# Entries provided
========

lemma norm_exp_minus_one_decay:
  fixes w :: complex and B \<beta> \<eta> \<xi> :: real
  assumes w: "cmod w \<le> B * (1+\<bar>\<xi>\<bar>) powr (-\<beta>)" and B: "0 \<le> B" and b: "0 < \<beta>"
    and eta: "\<bar>\<eta>\<bar> < 1" and xi: "1 \<le> \<bar>\<xi>\<bar>"
  shows "cmod (exp w - 1) \<le> ((3/2 + 2*(exp B + 1)) * B) / cmod (Complex \<eta> \<xi>) powr \<beta>"
proof -
  define z where "z = Complex \<eta> \<xi>"
  have z1: "1 \<le> cmod z" using abs_Im_le_cmod[of z] xi by (simp add: z_def)
  have z2: "cmod z \<le> 1 + \<bar>\<xi>\<bar>" using cmod_le[of z] eta by (simp add: z_def)
  have p1: "(1+\<bar>\<xi>\<bar>) powr (-\<beta>) \<le> 1"
  proof -
    have "1 \<le> (1+\<bar>\<xi>\<bar>) powr \<beta>" using b by (intro ge_one_powr_ge_zero) auto
    then show ?thesis by (simp add: powr_minus divide_simps)
  qed
  have p2: "(1+\<bar>\<xi>\<bar>) powr (-\<beta>) \<le> cmod z powr (-\<beta>)"
    by (rule powr_mono2') (use b z1 z2 in auto)
  have "B * (1+\<bar>\<xi>\<bar>) powr (-\<beta>) \<le> B * 1" using p1 B by (intro mult_left_mono) auto
  then have wB: "cmod w \<le> B" using w by linarith
  define Ce where "Ce = 3/2 + 2*(exp B + 1)"
  have Ce: "0 \<le> Ce" by (simp add: Ce_def add_nonneg_nonneg)
  have "cmod (exp w - 1) \<le> Ce * cmod w" unfolding Ce_def by (rule norm_exp_minus_one_le[OF wB])
  also have "\<dots> \<le> Ce * (B * (1+\<bar>\<xi>\<bar>) powr (-\<beta>))" by (intro mult_left_mono w Ce)
  also have "\<dots> \<le> Ce * (B * cmod z powr (-\<beta>))" by (intro mult_left_mono p2 Ce B)
  also have "\<dots> = (Ce * B) / cmod z powr \<beta>" by (simp add: powr_minus divide_simps)
  finally show ?thesis by (simp add: Ce_def z_def)
qed

lemma exp_factor_bounds:
  fixes g :: "complex \<Rightarrow> complex" and U :: "complex set" and B \<beta> r :: real
  assumes B: "0 \<le> B" and \<beta>: "0 < \<beta>" and r: "r \<le> 1"
    and bound: "\<And>z. z \<in> U \<Longrightarrow> cmod (g z) \<le> B * (1+\<bar>Im z\<bar>) powr (-\<beta>)"
  shows "bounded ((\<lambda>z. exp (g z)) ` U)"
    and "\<exists>C R. \<forall>\<eta> \<xi>. \<bar>\<eta>\<bar> < r \<and> Complex \<eta> \<xi> \<in> U \<and> \<bar>\<xi>\<bar> \<ge> R \<longrightarrow>
           cmod (exp (g (Complex \<eta> \<xi>)) - 1) \<le> C / cmod (Complex \<eta> \<xi>) powr \<beta>"
proof -
  show "bounded ((\<lambda>z. exp (g z)) ` U)"
  proof (rule boundedI)
    fix x assume "x \<in> (\<lambda>z. exp (g z)) ` U"
    then obtain z where z: "z \<in> U" "x = exp (g z)" by auto
    have "B * (1+\<bar>Im z\<bar>) powr (-\<beta>) \<le> B"
      using powr_neg_le_one[of "1+\<bar>Im z\<bar>" \<beta>] \<beta> B by (simp add: mult_left_le)
    then have "cmod (g z) \<le> B" using bound[OF z(1)] by linarith
    then show "cmod x \<le> exp B" using norm_exp[of "g z"] z(2) by (meson exp_le_cancel_iff order_trans)
  qed
  show "\<exists>C R. \<forall>\<eta> \<xi>. \<bar>\<eta>\<bar> < r \<and> Complex \<eta> \<xi> \<in> U \<and> \<bar>\<xi>\<bar> \<ge> R \<longrightarrow>
           cmod (exp (g (Complex \<eta> \<xi>)) - 1) \<le> C / cmod (Complex \<eta> \<xi>) powr \<beta>"
  proof (rule exI[of _ "(3/2 + 2*(exp B + 1)) * B"], rule exI[of _ 1], intro allI impI)
    fix \<eta> \<xi> assume "\<bar>\<eta>\<bar> < r \<and> Complex \<eta> \<xi> \<in> U \<and> 1 \<le> \<bar>\<xi>\<bar>"
    then have in_U: "Complex \<eta> \<xi> \<in> U" and \<eta>: "\<bar>\<eta>\<bar> < 1" and \<xi>: "1 \<le> \<bar>\<xi>\<bar>" using r by auto
    have "cmod (g (Complex \<eta> \<xi>)) \<le> B * (1+\<bar>\<xi>\<bar>) powr (-\<beta>)" using bound[OF in_U] by simp
    then show "cmod (exp (g (Complex \<eta> \<xi>)) - 1) \<le> (3/2 + 2*(exp B + 1)) * B / cmod (Complex \<eta> \<xi>) powr \<beta>"
      by (rule norm_exp_minus_one_decay[OF _ B \<beta> \<eta> \<xi>])
  qed
qed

========

# Your task
What lines in the material above include "then"? Copy every one of them.

# Result
    then show ?thesis by (simp add: powr_minus divide_simps)
  then have wB: "cmod w \<le> B" using w by linarith
    then obtain z where z: "z \<in> U" "x = exp (g z)" by auto
    then have "cmod (g z) \<le> B" using bound[OF z(1)] by linarith
    then show "cmod x \<le> exp B" using norm_exp[of "g z"] z(2) by (meson exp_le_cancel_iff order_trans)
    then have in_U: "Complex \<eta> \<xi> \<in> U" and \<eta>: "\<bar>\<eta>\<bar> < 1" and \<xi>: "1 \<le> \<bar>\<xi>\<bar>" using r by auto
    then show "cmod (exp (g (Complex \<eta> \<xi>)) - 1) \<le> (3/2 + 2*(exp B + 1)) * B / cmod (Complex \<eta> \<xi>) powr \<beta>"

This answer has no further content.